Kane further treats the issue of Arabophones in his epilogue. He reminds readers that Arabic and Islam are not necessarily synonymous, and that Islam spread to Africa before any other continent. In concluding his work, Kane’s narrative form reminds readers that an absence of a bias is not only an impossibility, it should not necessarily tarnish one’s scholarship. All scholars possess a vantage point in the way they view and navigate their fields of research. In fine scholastic fashion, Kane is right to be transparent about his subjectivity, all while successfully giving enough attention to contending theories and views.

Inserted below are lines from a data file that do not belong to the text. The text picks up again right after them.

lemma W_cls_strict_morphism_ker_im:
  assumes tc: "torsion_class G" and V: "V_elem \<theta>" and X: "X \<in> W_cls G \<theta>" and Y: "Y \<in> W_cls G \<theta>"
    and f: "strict_morphism G f X Y"
  shows "(hom_ker f X, snd X) \<in> W_cls G \<theta>" and "(f ` fst X, snd Y) \<in> W_cls G \<theta>"
proof -
  have K: "strict_subobj G (hom_ker f X) X" and I: "strict_subobj G (f ` fst X) Y"
    using f unfolding strict_morphism_def by auto
  have "\<theta> X = \<theta> (hom_ker f X, snd X) + \<theta> (f ` fst X, snd Y)"
    by (rule V_elem_strict_morphism[OF V tc f])
  moreover have "\<theta> X = 0" "\<theta> (hom_ker f X, snd X) \<le> 0" "\<theta> (f ` fst X, snd Y) \<le> 0"
    using X Y K I unfolding W_cls_def in_D_def by auto
  ultimately have "\<theta> (hom_ker f X, snd X) = 0" "\<theta> (f ` fst X, snd Y) = 0" by linarith+
  then show "(hom_ker f X, snd X) \<in> W_cls G \<theta>" "(f ` fst X, snd Y) \<in> W_cls G \<theta>"
    using W_cls_strict_subobj[OF tc X K] W_cls_strict_subobj[OF tc Y I] by auto
qed

lemma module_hom_inj_on_if_ker_zero:
  assumes X: "right_module X" and f: "module_hom f X Y" and ker: "hom_ker f X = {0}"
  shows "inj_on f (fst X)"
proof (rule inj_onI)
  fix x y assume x: "x \<in> fst X" and y: "y \<in> fst X" and "f x = f y"
  have rm: "right_module (fst X, snd X)" using X by simp
  have add: "f (u + v) = f u + f v" if "u \<in> fst X" "v \<in> fst X" for u v
    using f that unfolding module_hom_def by blast
  have 0: "0 \<in> fst X" and my: "- y \<in> fst X" and xy: "x + - y \<in> fst X"
    using right_module_zero_mem[OF rm] right_module_minus_mem[OF rm y]
      right_module_add_mem[OF rm x right_module_minus_mem[OF rm y]] by auto
  have "f (x + - y) = f (y + - y)" using add[OF x my] add[OF y my] \<open>f x = f y\<close> by simp
  also have "\<dots> = 0" using add[OF 0 0] by simp
  finally have "x + - y \<in> hom_ker f X" using xy unfolding hom_ker_def by blast
  then show "x = y" using ker by simp
qed

lemma W0_cls_strict_morphism_zero_or_iso:
  assumes tc: "torsion_class G" and V: "V_elem \<theta>" and X: "X \<in> W0_cls G \<theta>" and Y: "Y \<in> W0_cls G \<theta>"
    and f: "strict_morphism G f X Y"
  shows "(\<forall>x\<in>fst X. f x = 0) \<or> mod_iso X Y"
proof -
  have K: "strict_subobj G (hom_ker f X) X" and I: "strict_subobj G (f ` fst X) Y"
    and hom: "module_hom f X Y" and "X \<in> G"
    using f unfolding strict_morphism_def by auto
  have "X \<in> W_cls G \<theta>" "Y \<in> W_cls G \<theta>" using X Y unfolding W0_cls_def by auto
  note ker_im = W_cls_strict_morphism_ker_im[OF tc V this f]
  have "hom_ker f X = {0} \<or> hom_ker f X = fst X"
    using X K ker_im(1) unfolding W0_cls_def by blast
  moreover have "f ` fst X = {0} \<or> f ` fst X = fst Y"
    using Y I ker_im(2) unfolding W0_cls_def by blast
  moreover have "mod_iso X Y" if "hom_ker f X = {0}" "f ` fst X = fst Y"
  proof -
    have "inj_on f (fst X)"
      using module_hom_inj_on_if_ker_zero fg_module_right_module torsion_class_fg tc \<open>X \<in> G\<close> hom that(1)
      by blast
    then show ?thesis using hom that(2) unfolding mod_iso_def bij_betw_def by blast
  qed
  ultimately show ?thesis unfolding hom_ker_def by blast
qed

lemma downcrossing_zero:
  fixes g :: "real \<Rightarrow> real"
  assumes diff: "\<And>x. g differentiable (at x)" and "t < u" and "0 \<le> g t" and "g u < 0"
  obtains s where "t \<le> s" "s < u" "g s = 0" "deriv g s \<le> 0"
proof -
  have D: "DERIV g x :> deriv g x" for x
    using diff DERIV_deriv_iff_real_differentiable by blast
  have cont: "continuous_on S g" for S
    using D by (meson DERIV_isCont continuous_at_imp_continuous_on)
  \<comment> \<open>The last zero of g before u: a positive derivative there would force a later zero.\<close>
  define Z where "Z = {s. t \<le> s \<and> s \<le> u \<and> g s = 0}"
  have zero_between: "\<exists>s\<in>Z. a \<le> s" if "t \<le> a" "a \<le> u" "0 \<le> g a" for a
  proof -
    have "\<exists>s\<ge>a. s \<le> u \<and> g s = 0" by (rule IVT2') (use that \<open>g u < 0\<close> cont in auto)
    then show ?thesis using that(1) unfolding Z_def by (blast intro: order_trans)
  qed
  have "Z = {t..u} \<inter> {s. g s = 0}" by (auto simp: Z_def)
  then have "closed Z"
    using closed_Collect_eq[OF cont continuous_on_const] by (simp add: closed_Int)
  moreover have "Z \<noteq> {}" "bdd_above Z"
    using zero_between[of t] \<open>t < u\<close> \<open>0 \<le> g t\<close> by (auto simp: Z_def bdd_above_def)
  ultimately have "Sup Z \<in> Z" by (rule closed_contains_Sup[rotated 2])
  define s0 where "s0 = Sup Z"
  have s0: "t \<le> s0" "s0 < u" "g s0 = 0"
    using \<open>Sup Z \<in> Z\<close> \<open>g u < 0\<close> by (auto simp: Z_def s0_def less_le)
  have "deriv g s0 \<le> 0"
  proof (rule ccontr)
    assume "\<not> deriv g s0 \<le> 0"
    then obtain d where d: "d > 0" "\<forall>h>0. h < d \<longrightarrow> 0 < g (s0 + h)"
      using DERIV_pos_inc_right[OF D] s0(3) by (metis not_le)
    define h where "h = min (d/2) ((u - s0)/2)"
    have h: "0 < h" "h < d" "h < u - s0" using d s0 by (auto simp: h_def min_def)
    then have "0 < g (s0 + h)" using d by simp
    then obtain s where "s \<in> Z" "s0 + h \<le> s"
      using zero_between[of "s0 + h"] h s0 by auto
    moreover have "s \<le> s0"
      unfolding s0_def using \<open>s \<in> Z\<close> \<open>bdd_above Z\<close> by (rule cSup_upper)
    ultimately show False using h by linarith
  qed
  with s0 that show thesis by blast
qed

For a book this rich, a bibliography would have successfully served as a window into the corpus of the field. Additionally, words such as “neo-traditionalist” or “neo Sufi” went understandably undefined for brevity’s sake. In concluding the book, this work may leave the reader with a sense of overwhelming wonder: it covers a lot of ground in a relatively small space. It is a magnanimous feat, but that is testament to the dearth of the field of Islamicate West Africa, rather than the author’s over-ambition. In fact, Kane eruditely and bravely covers a wide array of themes, topics and regions, without losing sight of the overarching purpose of the book: to remind emergent scholars that there is a lot more work to be done, and many a ripe opportunity for specialization and growth in the field.

Farah El-Sharif is a doctoral student in Islamic intellectual history at Harvard University.